WORK INSTRUCTION
Search term "length": work out how many lines of the data below contain it, and answer with that number alone.

DATA PROVIDED
====================

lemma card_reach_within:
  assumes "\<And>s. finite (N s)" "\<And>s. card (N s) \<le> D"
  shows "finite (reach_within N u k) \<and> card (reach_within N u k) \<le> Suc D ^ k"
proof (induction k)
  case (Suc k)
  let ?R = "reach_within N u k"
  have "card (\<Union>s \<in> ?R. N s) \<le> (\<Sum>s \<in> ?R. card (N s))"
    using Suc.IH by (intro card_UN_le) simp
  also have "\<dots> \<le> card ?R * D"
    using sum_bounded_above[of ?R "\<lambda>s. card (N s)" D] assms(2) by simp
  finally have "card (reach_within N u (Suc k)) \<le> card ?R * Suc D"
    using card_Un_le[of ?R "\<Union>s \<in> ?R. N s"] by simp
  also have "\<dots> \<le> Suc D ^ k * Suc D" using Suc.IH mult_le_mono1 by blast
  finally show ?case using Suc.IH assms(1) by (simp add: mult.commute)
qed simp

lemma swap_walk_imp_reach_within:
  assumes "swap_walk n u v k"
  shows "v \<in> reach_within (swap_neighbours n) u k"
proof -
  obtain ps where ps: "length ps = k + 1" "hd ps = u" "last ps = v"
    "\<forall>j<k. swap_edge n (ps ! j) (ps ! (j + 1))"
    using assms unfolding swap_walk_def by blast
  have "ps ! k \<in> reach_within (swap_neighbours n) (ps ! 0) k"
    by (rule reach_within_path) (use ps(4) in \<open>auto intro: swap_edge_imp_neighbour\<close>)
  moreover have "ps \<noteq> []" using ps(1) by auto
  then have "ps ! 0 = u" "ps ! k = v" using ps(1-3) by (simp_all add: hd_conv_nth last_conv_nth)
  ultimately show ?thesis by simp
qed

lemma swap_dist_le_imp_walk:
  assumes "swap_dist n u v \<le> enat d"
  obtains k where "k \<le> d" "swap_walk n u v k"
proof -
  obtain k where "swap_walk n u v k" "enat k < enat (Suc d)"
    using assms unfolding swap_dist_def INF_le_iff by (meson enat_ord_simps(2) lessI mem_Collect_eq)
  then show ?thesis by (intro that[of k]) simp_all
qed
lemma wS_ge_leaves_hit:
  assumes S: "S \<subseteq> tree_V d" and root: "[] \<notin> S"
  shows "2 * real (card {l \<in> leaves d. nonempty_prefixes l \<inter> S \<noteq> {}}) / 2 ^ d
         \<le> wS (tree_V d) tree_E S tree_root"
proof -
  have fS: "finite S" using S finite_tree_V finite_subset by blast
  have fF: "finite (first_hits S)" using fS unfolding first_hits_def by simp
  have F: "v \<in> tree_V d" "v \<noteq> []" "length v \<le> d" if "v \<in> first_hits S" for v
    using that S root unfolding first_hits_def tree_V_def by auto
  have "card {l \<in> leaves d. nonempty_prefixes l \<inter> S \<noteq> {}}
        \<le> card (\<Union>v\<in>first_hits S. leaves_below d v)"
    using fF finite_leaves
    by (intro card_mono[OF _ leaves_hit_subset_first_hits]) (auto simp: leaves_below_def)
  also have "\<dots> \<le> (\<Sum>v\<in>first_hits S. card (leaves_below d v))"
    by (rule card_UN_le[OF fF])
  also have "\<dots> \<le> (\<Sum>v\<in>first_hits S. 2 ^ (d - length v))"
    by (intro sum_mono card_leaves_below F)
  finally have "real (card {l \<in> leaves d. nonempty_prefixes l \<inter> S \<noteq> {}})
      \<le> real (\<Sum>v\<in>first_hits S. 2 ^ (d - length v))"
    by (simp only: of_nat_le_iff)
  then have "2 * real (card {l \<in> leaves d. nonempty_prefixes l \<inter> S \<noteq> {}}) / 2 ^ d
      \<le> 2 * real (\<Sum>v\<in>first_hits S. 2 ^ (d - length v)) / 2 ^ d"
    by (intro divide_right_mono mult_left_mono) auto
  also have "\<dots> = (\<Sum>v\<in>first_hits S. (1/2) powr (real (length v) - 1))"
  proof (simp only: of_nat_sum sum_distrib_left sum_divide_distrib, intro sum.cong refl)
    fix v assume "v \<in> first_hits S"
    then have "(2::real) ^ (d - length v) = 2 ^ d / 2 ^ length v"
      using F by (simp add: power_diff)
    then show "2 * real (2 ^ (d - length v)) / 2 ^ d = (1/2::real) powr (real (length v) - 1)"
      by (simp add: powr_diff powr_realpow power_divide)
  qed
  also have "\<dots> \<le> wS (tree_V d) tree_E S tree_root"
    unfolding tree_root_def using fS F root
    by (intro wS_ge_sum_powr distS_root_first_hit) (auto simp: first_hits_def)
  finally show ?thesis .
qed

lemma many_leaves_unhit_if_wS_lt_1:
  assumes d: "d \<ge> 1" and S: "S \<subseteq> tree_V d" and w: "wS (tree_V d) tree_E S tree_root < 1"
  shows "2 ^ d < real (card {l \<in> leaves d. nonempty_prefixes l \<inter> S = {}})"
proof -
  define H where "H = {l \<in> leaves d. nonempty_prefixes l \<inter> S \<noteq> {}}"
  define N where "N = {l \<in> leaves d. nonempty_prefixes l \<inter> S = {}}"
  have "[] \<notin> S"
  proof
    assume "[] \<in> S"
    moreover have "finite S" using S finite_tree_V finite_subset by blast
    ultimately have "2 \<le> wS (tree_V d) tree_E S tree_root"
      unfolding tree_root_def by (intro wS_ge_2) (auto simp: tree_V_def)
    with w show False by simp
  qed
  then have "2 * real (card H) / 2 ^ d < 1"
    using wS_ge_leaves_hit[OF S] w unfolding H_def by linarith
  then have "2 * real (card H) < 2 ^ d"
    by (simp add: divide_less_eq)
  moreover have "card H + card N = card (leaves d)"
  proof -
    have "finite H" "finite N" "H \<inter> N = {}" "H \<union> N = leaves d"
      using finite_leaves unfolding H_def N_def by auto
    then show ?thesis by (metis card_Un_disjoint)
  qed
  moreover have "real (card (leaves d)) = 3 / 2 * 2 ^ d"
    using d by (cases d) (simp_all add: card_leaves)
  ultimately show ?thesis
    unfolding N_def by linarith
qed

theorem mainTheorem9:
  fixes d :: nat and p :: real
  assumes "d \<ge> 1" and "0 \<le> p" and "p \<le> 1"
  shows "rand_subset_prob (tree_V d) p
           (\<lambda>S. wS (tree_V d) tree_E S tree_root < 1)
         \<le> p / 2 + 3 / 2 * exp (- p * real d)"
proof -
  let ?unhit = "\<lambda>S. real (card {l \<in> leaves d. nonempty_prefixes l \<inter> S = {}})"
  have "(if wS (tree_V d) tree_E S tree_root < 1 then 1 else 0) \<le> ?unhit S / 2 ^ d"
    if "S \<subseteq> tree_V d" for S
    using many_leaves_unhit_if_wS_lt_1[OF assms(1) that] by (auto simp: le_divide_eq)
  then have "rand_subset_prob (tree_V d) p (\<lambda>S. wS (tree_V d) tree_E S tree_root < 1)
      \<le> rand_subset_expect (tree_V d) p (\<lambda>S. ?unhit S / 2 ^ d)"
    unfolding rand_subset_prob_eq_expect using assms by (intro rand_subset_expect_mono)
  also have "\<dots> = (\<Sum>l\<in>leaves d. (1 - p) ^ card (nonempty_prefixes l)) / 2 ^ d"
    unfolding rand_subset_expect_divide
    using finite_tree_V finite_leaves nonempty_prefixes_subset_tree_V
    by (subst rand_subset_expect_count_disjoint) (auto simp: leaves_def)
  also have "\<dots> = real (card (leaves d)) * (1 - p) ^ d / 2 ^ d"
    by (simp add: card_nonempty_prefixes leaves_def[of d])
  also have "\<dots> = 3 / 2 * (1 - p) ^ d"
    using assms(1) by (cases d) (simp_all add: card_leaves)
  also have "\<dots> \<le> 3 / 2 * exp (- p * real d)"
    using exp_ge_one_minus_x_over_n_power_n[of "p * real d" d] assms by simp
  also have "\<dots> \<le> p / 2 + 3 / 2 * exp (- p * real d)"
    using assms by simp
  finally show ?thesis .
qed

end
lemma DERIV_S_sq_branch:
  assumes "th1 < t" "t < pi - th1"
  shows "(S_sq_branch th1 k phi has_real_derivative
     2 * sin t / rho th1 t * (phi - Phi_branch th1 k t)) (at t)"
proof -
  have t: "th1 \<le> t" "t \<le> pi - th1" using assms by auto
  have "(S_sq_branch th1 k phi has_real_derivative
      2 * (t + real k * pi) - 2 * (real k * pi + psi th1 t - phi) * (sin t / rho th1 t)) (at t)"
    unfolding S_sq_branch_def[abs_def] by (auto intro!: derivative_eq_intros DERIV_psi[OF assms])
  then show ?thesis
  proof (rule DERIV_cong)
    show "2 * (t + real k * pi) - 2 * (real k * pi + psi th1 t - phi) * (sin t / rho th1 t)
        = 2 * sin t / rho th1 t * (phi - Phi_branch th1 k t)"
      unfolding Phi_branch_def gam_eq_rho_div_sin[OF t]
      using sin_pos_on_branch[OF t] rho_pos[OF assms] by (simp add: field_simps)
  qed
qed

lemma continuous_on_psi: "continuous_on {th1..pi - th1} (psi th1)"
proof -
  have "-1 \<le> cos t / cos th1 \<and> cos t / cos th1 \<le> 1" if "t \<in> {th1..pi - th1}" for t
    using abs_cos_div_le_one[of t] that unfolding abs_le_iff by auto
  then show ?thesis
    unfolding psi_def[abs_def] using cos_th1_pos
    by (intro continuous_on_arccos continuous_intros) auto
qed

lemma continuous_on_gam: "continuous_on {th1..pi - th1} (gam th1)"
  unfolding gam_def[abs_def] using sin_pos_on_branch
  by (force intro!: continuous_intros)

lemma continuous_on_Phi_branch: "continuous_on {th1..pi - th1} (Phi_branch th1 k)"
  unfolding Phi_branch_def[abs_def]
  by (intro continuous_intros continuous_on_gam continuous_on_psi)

====================

RESULT OF THE EXERCISE
8